Investors typically buy catastrophe bonds because they offer much higher yield than other fixed income products. They also aren’t linked to the usual stock market performance — but are instead tied to disaster events — and hence offer investors’ portfolios some diversification.
But DBRS Morningstar cautioned: “The typical investor in catastrophe bonds is attracted to this asset class because it is generally uncorrelated with the general markets; however, the current coronavirus outbreak is showing that the valuation of pandemic bonds is highly correlated with the performance of global financial markets when it matters most.”
Stock markets have been very volatile since the outbreak rapidly gained pace this month, with the Dow having its worst decline on Monday since the “Black Monday” crash 30 years ago.
On Monday, the Cboe Volatility Index closed at a record high, topping its peak during the 2008 financial crisis. The index looks at options prices for the S&P 500 and is sometimes referred to as the “fear gauge” of Wall Street.
Here are more details about the World Bank’s pandemic bonds:
- Two bonds worth a total of $320 million: Dubbed Class A and the riskier Class B.
- Interest payments: Class A dishes out interest payments of 6.5% plus 6-month U.S. dollar Libor rate. Class B pays out 11.10% plus 6-month U.S. dollar Libor rate. These interest payments are funded by donor countries including Japan and Germany.
- Viruses covered: The six that are “most likely to cause a pandemic,” the World Bank said, which could trigger a payout to countries — Influenza, coronaviruses, Filovirus, Lassa Fever, Rift Valley Fever and Crimean Congo Hemorrhagic Fever.
If that payout is triggered, that’s when investors stand to lose their money. For investors of Class A notes, that loss is 16.67% of their principal amount, while those invested in Class B notes stand to lose everything.
Investors in those bonds reportedly include French asset management firm Amundi, and U.K.-based asset manager Baillie Gifford. According to DBRS Morningstar, the bonds are owned by asset managers, pension funds, among others. Investors are mostly based in the U.S. and Europe.
The bonds were more than 200% oversubscribed in 2007 when they were issued.
Bonds under fire
Despite the stated basic parameters, critics say that it’s not that simple to determine when a pandemic can trigger a payout. And even if that happens, it may be too late for countries that need help.
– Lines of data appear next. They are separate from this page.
lemma discrete_energy_step:
  fixes \<nu> \<tau> A :: real
  assumes a: "trig_poly a" and b: "trig_poly b" and P: "trig_poly P"
    and \<nu>: "0 < \<nu>" and \<tau>: "0 < \<tau>"
  defines "\<delta> \<equiv> \<lambda>x. b x - a x"
    and "\<mu> \<equiv> \<lambda>x. - \<nu> * lap b x + A * (b x - a x) + P x"
  assumes scheme: "\<And>x. \<delta> x = \<tau> * lap \<mu> x"
    and orth: "integral T2 (\<lambda>x. (fCH (a x) - P x) * \<delta> x) = 0"
  shows "energy \<nu> b - energy \<nu> a + (A + 1/2 + sqrt (2 * \<nu> / \<tau>)) * integral T2 (\<lambda>x. \<delta> x * \<delta> x)
    \<le> integral T2 (\<lambda>x. \<delta> x * \<delta> x) * ((Linfnorm a)\<^sup>2 + 1/2 * (Linfnorm b)\<^sup>2)"
proof -
  define S where "S = integral T2 (\<lambda>x. \<delta> x * \<delta> x)"
  define s where "s = sqrt (2 * \<nu> / \<tau>)"
  have \<delta>: "trig_poly \<delta>" unfolding \<delta>_def by (intro trig_poly_diff a b)
  have \<mu>: "trig_poly \<mu>" unfolding \<mu>_def by (intro trig_poly_closed a b P)
  have \<delta>_eq: "\<delta> = (\<lambda>x. b x - a x)" and \<mu>_eq: "\<mu> = (\<lambda>x. - \<nu> * lap b x + A * \<delta> x + P x)"
    by (simp_all add: \<delta>_def \<mu>_def)
  note identities = scheme_identities[OF a b P \<delta>_eq \<mu>_eq scheme orth]
  have identity_\<mu>: "\<nu> * dirichlet b \<delta> + integral T2 (\<lambda>x. fCH (a x) * \<delta> x)
      = - \<tau> * dirichlet \<mu> \<mu> - A * S"
    using identities(1) by (simp only: S_def)
  have identity_\<delta>: "S = - \<tau> * dirichlet \<mu> \<delta>"
    using identities(2) by (simp only: S_def)
  have "0 \<le> \<nu>/2 * dirichlet \<delta> \<delta> + \<tau> * dirichlet \<mu> \<mu> + s * \<tau> * dirichlet \<delta> \<mu>"
    using dirichlet_cross_bound[OF \<delta> \<mu>, of "\<nu>/2" \<tau>] \<nu> \<tau>
    by (simp only: sqrt_weight_identity s_def)
  then have cross: "0 \<le> \<nu>/2 * dirichlet \<delta> \<delta> + \<tau> * dirichlet \<mu> \<mu> - s * S"
    using identity_\<delta> dirichlet_commute[of \<delta> \<mu>] by simp
  have "energy \<nu> b - energy \<nu> a
      \<le> \<nu> * dirichlet b \<delta> - \<nu>/2 * dirichlet \<delta> \<delta> + integral T2 (\<lambda>x. fCH (a x) * \<delta> x)
        + ((Linfnorm a)\<^sup>2 + (Linfnorm b)\<^sup>2 / 2 - 1/2) * S"
    using energy_difference_bound[OF a b, of \<nu>] unfolding S_def \<delta>_def .
  then show ?thesis
    using identity_\<mu> cross unfolding S_def[symmetric] s_def[symmetric]
    by (simp add: algebra_simps)
qed

subsection \<open>The energy inequality for the scheme\<close>

text \<open>An absolutely integrable function times a continuous one is integrable on \<open>T2\<close>;
  this is what makes \<open>\<Pi>\<^sub>N u\<^sub>0\<close> well defined.\<close>
lemma absolutely_integrable_times_continuous:
  fixes g q :: "real \<times> real \<Rightarrow> real"
  assumes "g absolutely_integrable_on T2" "continuous_on T2 q"
  shows "(\<lambda>x. g x * q x) integrable_on T2"
proof -
  have T2: "T2 \<in> sets lebesgue" unfolding T2_def by (intro fmeasurableD lmeasurable_cbox)
  have "(\<lambda>x. q x * g x) absolutely_integrable_on T2"
  proof (rule absolutely_integrable_bounded_measurable_product[where h="(*)", OF bilinear_times])
    show "q \<in> borel_measurable (lebesgue_on T2)"
      by (intro continuous_imp_measurable_on_sets_lebesgue assms T2)
    show "bounded (q ` T2)" unfolding T2_def
      by (intro compact_imp_bounded compact_continuous_image) (use assms in \<open>auto simp: T2_def\<close>)
  qed (rule T2, rule assms)
  then show ?thesis by (simp add: set_lebesgue_integral_eq_integral(1) mult.commute)
qed

lemma L2norm_square:
  assumes "trig_poly g"
  shows "(L2norm g)\<^sup>2 = integral T2 (\<lambda>x. g x * g x)"
proof -
  have "0 \<le> integral T2 (\<lambda>x. (g x)\<^sup>2)"
    using assms by (intro integral_nonneg trig_poly_integrable) (simp_all add: power2_eq_square trig_poly.mult)
  then show ?thesis by (simp add: L2norm_def power2_eq_square)
qed

text \<open>Main theorem: every iterate lies in \<open>X\<^sub>N\<close>, the scheme has the form required by
  \<open>discrete_energy_step\<close> (linearity of \<open>\<Delta>\<close>), and \<open>\<Pi>\<^sub>N f(u\<^sup>n)\<close> is orthogonal projection.\<close>
theorem lemma2p2:
  fixes \<nu> \<tau> A :: real and N :: nat
    and u0 :: "real \<times> real \<Rightarrow> real"
    and u :: "nat \<Rightarrow> real \<times> real \<Rightarrow> real"
  assumes "\<nu> > 0" and "\<tau> > 0" and "A > 0" and "N \<ge> 2"
    and "u0 absolutely_integrable_on T2"
    and "(\<lambda>x. (u0 x)\<^sup>2) integrable_on T2"
    and "integral T2 u0 = 0"
    and "u 0 = PiN N u0"
    and "\<And>n. u (Suc n) \<in> XN N"
    and "\<And>n x. (u (Suc n) x - u n x) / \<tau> =
            - \<nu> * lap (lap (u (Suc n))) x
            + A * lap (\<lambda>y. u (Suc n) y - u n y) x
            + lap (PiN N (\<lambda>y. fCH (u n y))) x"
  shows "energy \<nu> (u (Suc n)) - energy \<nu> (u n)
           + (A + 1/2 + sqrt (2 * \<nu> / \<tau>)) * (L2norm (\<lambda>x. u (Suc n) x - u n x))\<^sup>2
         \<le> (L2norm (\<lambda>x. u (Suc n) x - u n x))\<^sup>2
           * ((Linfnorm (u n))\<^sup>2 + 1/2 * (Linfnorm (u (Suc n)))\<^sup>2)"
proof -
  have u_XN: "u m \<in> XN N" for m
    using assms(8,9) PiN_orth_proj[OF absolutely_integrable_times_continuous[OF assms(5)]]
    by (cases m) (auto simp: orth_proj_XN_def)
  define a b where "a = u n" and "b = u (Suc n)"
  define P where "P = PiN N (\<lambda>y. fCH (a y))"
  have a: "trig_poly a" and b: "trig_poly b" unfolding a_def b_def by (rule XN_trig_poly[OF u_XN])+
  have "orth_proj_XN N (\<lambda>y. fCH (a y)) P"
    unfolding P_def
    by (intro PiN_orth_proj continuous_integrable_T2 continuous_on_mult
        trig_poly_continuous[OF trig_poly_compose_poly(1)[OF a]])
  then have P: "trig_poly P" and orth: "integral T2 (\<lambda>x. (fCH (a x) - P x) * (b x - a x)) = 0"
    using XN_diff[OF u_XN u_XN] by (auto simp: orth_proj_XN_def a_def b_def intro: XN_trig_poly)
  have "lap (\<lambda>x. - \<nu> * lap b x + A * (b x - a x) + P x)
      = (\<lambda>x. - \<nu> * lap (lap b) x + A * lap (\<lambda>y. b y - a y) x + lap P x)"
    using a b P by (simp add: lap_add lap_diff lap_cmult trig_poly_closed)
  then have "b x - a x = \<tau> * lap (\<lambda>x. - \<nu> * lap b x + A * (b x - a x) + P x) x" for x
    using assms(10)[of n x] assms(2) by (simp add: a_def b_def P_def field_simps)
  from discrete_energy_step[OF a b P assms(1,2) this orth] show ?thesis
    using L2norm_square[OF trig_poly_diff[OF b a]] by (simp add: a_def b_def)
qed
“Similar to other catastrophe bonds, defining parametric triggers is not an easy task and IBRD pandemic bonds are no exception,” said DBRS Morningstar, pointing to its 400-page prospectus. “Another objection from public health experts is that pandemic bonds are not designed to help poor countries prevent an outbreak as funding might be available too late.”
Purnanandam added: “The pandemic bonds were supposed to help the countries fight infectious diseases, but there have been some serious issues with the way the contracts were designed.”
“By the time bond investors will pay money towards … the developing countries … It’s a case of too little, too late because the way these contracts are designed, they are too complex,” he said.